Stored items
┏━━

theorem theorem5p6:
  fixes B :: "real^'m^'n"
    and f :: "real^'m \<Rightarrow> real" and gf :: "real^'m \<Rightarrow> real^'m"
    and h :: "real^'n \<Rightarrow> real" and gh :: "real^'n \<Rightarrow> real^'n"
    and TU IV :: "real^'m^'m" and TP IQ :: "real^'n^'n"
    and ustar :: "real^'m" and pstar :: "real^'n"
    and mu_h L_h mu_f L_f mu_fB mu_hB L_hB L_eU :: real
    and u :: "nat \<Rightarrow> real^'m" and p :: "nat \<Rightarrow> real^'n" and alpha :: "nat \<Rightarrow> real"
  assumes dims: "CARD('n) \<le> CARD('m)"
    and fullrank: "rank B = CARD('n)"
    and f_conv: "convex_on UNIV f" and h_conv: "convex_on UNIV h"
    and f_grad: "\<And>x. (f has_derivative (\<lambda>d. gf x \<bullet> d)) (at x)"
    and h_grad: "\<And>x. (h has_derivative (\<lambda>d. gh x \<bullet> d)) (at x)"
    and gf_cont: "continuous_on UNIV gf" and gh_cont: "continuous_on UNIV gh"
    and gf_lip: "\<exists>L. \<forall>x y. norm (gf x - gf y) \<le> L * norm (x - y)"
    and gh_lip: "\<exists>L. \<forall>x y. norm (gh x - gh y) \<le> L * norm (x - y)"
    and saddle1: "gf ustar + transpose B *v pstar = 0"
    and saddle2: "B *v ustar = gh pstar"
    and spd_TU: "spd TU" and spd_IV: "spd IV" and spd_TP: "spd TP" and spd_IQ: "spd IQ"
    and h_S11: "S11 h gh TP mu_h L_h" and L_h_le: "L_h \<le> 1"
    and f_S11: "S11 f gf TU mu_f L_f" and L_f_le: "L_f \<le> 1"
    and fB_sc: "strongly_convex_wrt IV mu_fB
                  (\<lambda>v. f v + 1/2 * (((transpose B ** matrix_inv TP ** B) *v v) \<bullet> v))"
    and mu_fB_pos: "mu_fB > 0"
    and hB_sc: "strongly_convex_wrt IQ mu_hB
                  (\<lambda>q. h q + 1/2 * (((B ** matrix_inv TU ** transpose B) *v q) \<bullet> q))"
    and mu_hB_pos: "mu_hB > 0"
    and L_hB_nonneg: "L_hB \<ge> 0"
    and L_hB_lip: "\<And>p1 p2. mnorm2 (matrix_inv IQ)
                      ((gh p1 + (B ** matrix_inv TU ** transpose B) *v p1)
                       - (gh p2 + (B ** matrix_inv TU ** transpose B) *v p2))
                    \<le> L_hB\<^sup>2 * mnorm2 IQ (p1 - p2)"
    and L_eU_nonneg: "L_eU \<ge> 0"
    and L_eU_lip: "\<And>u1 u2. mnorm2 IV ((u1 - matrix_inv TU *v gf u1) - (u2 - matrix_inv TU *v gf u2))
                    \<le> L_eU\<^sup>2 * mnorm2 IV (u1 - u2)"
    and step: "\<And>k. p (Suc k) = p k - alpha k *s (matrix_inv IQ *v
                      (gh (p k) - B *v (u k - matrix_inv TU *v (gf (u k) + transpose B *v p k))))"
    and argmin: "\<And>k v.
        (let ftil = (\<lambda>w. f w + 1/2 * (((transpose B ** matrix_inv TP ** B) *v w) \<bullet> w)
              + 1 / (2 * alpha k) * mnorm2 IV (w - u k + alpha k *s (matrix_inv IV *v (transpose B *v
                    (p (Suc k) - matrix_inv TP *v gh (p (Suc k)))))))
         in ftil (u (Suc k)) \<le> ftil v)"
  defines "E \<equiv> (\<lambda>uu pp. 1/2 * mnorm2 IV (uu - ustar) + 1/2 * mnorm2 IQ (pp - pstar))"
    and "LSQ2 \<equiv> L_hB\<^sup>2 + L_eU\<^sup>2 * lambda_max (matrix_inv IQ ** B ** matrix_inv IV ** transpose B)"
  shows "(\<forall>k. 0 < alpha k \<and> alpha k < mu_hB / LSQ2 \<longrightarrow>
            E (u (Suc k)) (p (Suc k))
              \<le> 1 / (1 + alpha k * min mu_fB (mu_hB - alpha k * LSQ2)) * E (u k) (p k))
       \<and> (\<forall>k. alpha k = 0.5 * mu_hB / LSQ2 \<longrightarrow>
            E (u (Suc k)) (p (Suc k))
              \<le> 1 / (1 + 0.5 * mu_hB * min mu_fB (mu_hB / 2) / LSQ2) * E (u k) (p k))"
proof -
  note lam = mnorm2_matrix_inv_le_lambda_max[OF spd_IQ spd_IV, of B]
  have grad_hB_mono:
    "mu_hB * mnorm2 IQ (x - y) \<le> (grad_hB B TU gh x - grad_hB B TU gh y) \<bullet> (x - y)" for x y
    using has_derivative_hB[OF spd_TU h_grad]
    by (rule strongly_convex_wrt_gradient_monotone[OF hB_sc spd_symmetric[OF spd_IQ]])
  have grad_hB_lip:
    "mnorm2 (matrix_inv IQ) (grad_hB B TU gh x - grad_hB B TU gh y) \<le> L_hB\<^sup>2 * mnorm2 IQ (x - y)"
    for x y
    unfolding grad_hB_def by (rule L_hB_lip)
  have "0 < LSQ2"
    using strongly_monotone_le_lipschitz[OF spd_IQ L_hB_nonneg grad_hB_mono grad_hB_lip] mu_hB_pos lam(1)
    unfolding LSQ2_def by (intro add_pos_nonneg) auto
  have one_step: "E (u (Suc k)) (p (Suc k))
      \<le> 1 / (1 + alpha k * min mu_fB (mu_hB - alpha k * LSQ2)) * E (u k) (p k)"
    if "0 < alpha k" and "alpha k < mu_hB / LSQ2" for k
  proof -
    have "0 < min mu_fB (mu_hB - alpha k * LSQ2)"
      using that \<open>0 < LSQ2\<close> mu_fB_pos by (simp add: field_simps)
    then show ?thesis
      unfolding E_def LSQ2_def
      by (rule primal_dual_step_contraction[OF spd_TU spd_TP spd_IV spd_IQ f_grad
            S11_gradient_cocoercive[OF spd_TU f_conv f_grad f_S11 L_f_le]
            S11_gradient_cocoercive[OF spd_TP h_conv h_grad h_S11 L_h_le]
            strongly_convex_wrt_gradient_monotone[OF fB_sc spd_symmetric[OF spd_IV]
              has_derivative_fB[OF spd_TP f_grad]]
            grad_hB_mono grad_hB_lip L_eU_lip[folded e_U_def] lam saddle1 saddle2 that(1) _
            step argmin[unfolded Let_def]])
  qed
  show ?thesis
  proof (intro conjI allI impI)
    fix k assume "0 < alpha k \<and> alpha k < mu_hB / LSQ2"
    then show "E (u (Suc k)) (p (Suc k))
        \<le> 1 / (1 + alpha k * min mu_fB (mu_hB - alpha k * LSQ2)) * E (u k) (p k)"
      using one_step by blast
  next
    fix k assume "alpha k = 0.5 * mu_hB / LSQ2"
    from half_step_size[OF mu_hB_pos \<open>0 < LSQ2\<close> this] one_step[of k]
    show "E (u (Suc k)) (p (Suc k))
        \<le> 1 / (1 + 0.5 * mu_hB * min mu_fB (mu_hB / 2) / LSQ2) * E (u k) (p k)"
      by simp
  qed
qed

end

┗━━

**YOUR INSTRUCTIONS:**
The answer must be a single number: how many lines of the data include the string "ftil".

**ANSWER TO THE PROBLEM:**
2